Hay lecturas que invitan a la reflexión, situaciones que te hacen sentarte al borde del sendero de la vida y replantearte la dirección del camino y personas – en este caso, sacerdotes – que con su testimonio de vida, te imprimen una huella indeleble.

MI CURA, por Milagros Rivera
Milagros Rivera, médico anestesista

…son los que me enseñan, más con sus obras que con las palabras, la hondura y anchura de la Buena Nueva, evitando la tentación de arrancar ni una sola de sus páginas…

…son los que me animaron a luchar por la justicia, sobre todo, por los más frágiles, sin miedos, a modo de Jesús…

… son los que me mostraron con su vocación, la coherencia y  autenticidad de ser cristianos…

… son en los que se refleja, que el amar y servir a los demás, arrodillándose y ciñiéndose la toalla en la cintura, se antepone a la liturgia…

… son los que me hicieron ver, nuestra condición de pecadores,  pero siempre amados y necesitados de ese perdón que nos otorga Nuestro Padre…

… son los que me enseñaron, el regalo de la oración, la guía del acompañamiento, el valor y necesidad de la escucha…

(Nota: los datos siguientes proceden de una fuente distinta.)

(* Let $(X,d,f)$ be a TDS, $\alpha\ge0$, $s>0$, $n\in\mathbb N$, $\varepsilon>0$ and $\varphi\in C(X,\mathbb R)$ with $\varphi>0$. Let $K$ be a non-empty compact subset of $X$. If $c:=W^\alpha(K,s,\varepsilon,n,\varphi)>0$, then there exists a Borel probability measure $\mu$ on $X$ with $\mu(K)=1$ such that for all $x\in X$ and all $m\ge n$, $$\mu(B^\alpha_m(x,\varepsilon))\le\frac1c\exp(-s\,S_m\varphi(x)).$$
   Context: A TDS $(X,d,f)$: compact metric space and continuous $f$. $S_n\varphi(x)=\sum_{j=0}^{n-1}\varphi(f^jx)$; $d_n^\alpha(x,y)=\max_{0\le i\le n-1}e^{\alpha i}d(f^ix,f^iy)$; $B_n^\alpha(x,\varepsilon)=\{y:d_n^\alpha(x,y)<\varepsilon\}$. For a bounded $\xi:X\to\mathbb R$, $W^\alpha(\xi,s,\varepsilon,n,\varphi)=\inf\sum_ic_i\exp(-s\,S_{n_i}\varphi(x_i))$, the infimum over all finite or countable collections $\{(B^\alpha_{n_i}(x_i,\varepsilon),c_i)\}$ with $x_i\in X$, $n_i\ge n$, $0<c_i<\infty$ and $\sum_ic_i\chi_{B^\alpha_{n_i}(x_i,\varepsilon)}\ge\xi$; and $W^\alpha(K,s,\varepsilon,n,\varphi)=W^\alpha(\chi_K,s,\varepsilon,n,\varphi)$. *)

theory Defs
  imports "HOL-Probability.Probability"
begin

definition birkhoff_sum :: "('a \<Rightarrow> 'a) \<Rightarrow> ('a \<Rightarrow> real) \<Rightarrow> nat \<Rightarrow> 'a \<Rightarrow> real" where
  "birkhoff_sum f \<phi> n x = (\<Sum>j<n. \<phi> ((f ^^ j) x))"

text \<open>Weighted Bowen metric d_n^alpha (for n >= 1).\<close>
definition dist_bowen :: "('a::metric_space \<Rightarrow> 'a) \<Rightarrow> real \<Rightarrow> nat \<Rightarrow> 'a \<Rightarrow> 'a \<Rightarrow> real" where
  "dist_bowen f \<alpha> n x y = Max ((\<lambda>i. exp (\<alpha> * real i) * dist ((f ^^ i) x) ((f ^^ i) y)) ` {..<n})"

definition bowen_ball :: "('a::metric_space \<Rightarrow> 'a) \<Rightarrow> real \<Rightarrow> nat \<Rightarrow> 'a \<Rightarrow> real \<Rightarrow> 'a set" where
  "bowen_ball f \<alpha> n x \<epsilon> = {y. dist_bowen f \<alpha> n x y < \<epsilon>}"

text \<open>W^alpha(xi, s, eps, n, phi): infimum over finite or countable families, indexed by
  a set I of naturals, of centres x i, times k i >= n and weights c i > 0 whose weighted
  indicator sum dominates xi.\<close>
definition W_alpha :: "('a::metric_space \<Rightarrow> 'a) \<Rightarrow> real \<Rightarrow> ('a \<Rightarrow> real) \<Rightarrow> real \<Rightarrow> real \<Rightarrow> nat
    \<Rightarrow> ('a \<Rightarrow> real) \<Rightarrow> ennreal" where
  "W_alpha f \<alpha> \<xi> s \<epsilon> n \<phi> =
     (INF F \<in> {(I :: nat set, x :: nat \<Rightarrow> 'a, k :: nat \<Rightarrow> nat, c :: nat \<Rightarrow> real).
                 (\<forall>i\<in>I. n \<le> k i \<and> 0 < c i) \<and>
                 (\<forall>y. ennreal (\<xi> y) \<le>
                       (\<Sum>i. if i \<in> I then ennreal (c i) * indicator (bowen_ball f \<alpha> (k i) (x i) \<epsilon>) y
                             else 0))}.
        (case F of (I, x, k, c) \<Rightarrow>
          (\<Sum>i. if i \<in> I then ennreal (c i * exp (- s * birkhoff_sum f \<phi> (k i) (x i))) else 0)))"

definition W_alpha_set :: "('a::metric_space \<Rightarrow> 'a) \<Rightarrow> real \<Rightarrow> 'a set \<Rightarrow> real \<Rightarrow> real \<Rightarrow> nat
    \<Rightarrow> ('a \<Rightarrow> real) \<Rightarrow> ennreal" where
  "W_alpha_set f \<alpha> K s \<epsilon> n \<phi> = W_alpha f \<alpha> (indicator K) s \<epsilon> n \<phi>"

end

theory Submission
  imports Defs
begin

(*
  The functional p g = W(chi_K g) / c is sublinear on bounded functions (covers can be merged and
  rescaled) with p 1 = 1, so by Hahn-Banach some linear L <= p has L 1 = 1. On indicator functions
  L is a finitely additive probability content nu with nu K = 1 and nu A <= W(chi_B) / c <=
  exp (-s S_m phi x) / c whenever A lies in a Bowen ball B = B_m^alpha(x, eps) with m >= n.
  Regularising nu from inside by closed sets and then from outside by open sets turns it, on the
  compact space X, into a Borel probability measure mu with nu C <= mu C for closed C and
  mu U <= sup {nu C | C closed, C <= U} for open U; K is closed and Bowen balls are open.
*)

section \<open>Subadditivity and homogeneity of \<open>W\<^sup>\<alpha>\<close>\<close>

lemma suminf_ennreal_even_odd:
  fixes g :: "nat \<Rightarrow> ennreal"
  shows "(\<Sum>j. g j) = (\<Sum>i. g (2 * i)) + (\<Sum>i. g (2 * i + 1))"
proof -
  have "(\<lambda>i. sum g {i * 2..<i * 2 + 2}) sums (\<Sum>j. g j)"
    by (rule sums_group) (auto intro: summable_sums summableI)
  moreover have "sum g {i * 2..<i * 2 + 2} = g (2 * i) + g (2 * i + 1)" for i
    by (simp add: mult.commute numeral_2_eq_2)
  ultimately have "(\<Sum>j. g j) = (\<Sum>i. g (2 * i) + g (2 * i + 1))"
    by (simp add: sums_iff)
  also have "\<dots> = (\<Sum>i. g (2 * i)) + (\<Sum>i. g (2 * i + 1))"
    by (rule suminf_add[symmetric]) (auto intro: summableI)
  finally show ?thesis .
qed

lemma ennreal_le_Inf_add_Inf:
  fixes x :: ennreal
  assumes "\<And>a b. a \<in> A \<Longrightarrow> b \<in> B \<Longrightarrow> x \<le> a + b"
  shows "x \<le> Inf A + Inf B"
proof (cases "A = {} \<or> B = {}")
  case True
  then show ?thesis by (auto simp: top_add)
next
  case False
  have Inf_add: "Inf A + b = Inf ((\<lambda>a. a + b) ` A)" for b
    by (rule continuous_at_Inf_mono)
      (use False in \<open>auto simp: mono_def intro: add_right_mono continuous_intros\<close>)
  have add_Inf: "Inf A + Inf B = Inf ((\<lambda>b. Inf A + b) ` B)"
    by (rule continuous_at_Inf_mono)
      (use False in \<open>auto simp: mono_def intro: add_left_mono continuous_intros\<close>)
  have "x \<le> Inf A + b" if "b \<in> B" for b
    unfolding Inf_add using that by (auto intro!: Inf_greatest assms)
  then show ?thesis
    unfolding add_Inf by (auto intro!: Inf_greatest)
qed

… son los que me enseñaron que Dios nos quiere alegre y felices: a saber reírse de uno mismo y a relativizar los sucesos diarios…

… son ellos, los que me enseñaron, con su vida y ejemplo, sin ningún tipo de alarde y sin ningún reconocimiento público, todo lo anterior y muchos más y todo ello, siendo conscientes de su fragilidad y pies de barro.

… no tiene importancia  si fue un sacerdote o varios los que marcaron o señalan mi vida… a todos ellos, mi más profundo agradecimiento y presentes en mi oración siempre, para que sigan siendo ejemplo vivo de Áquel que nos amó primero.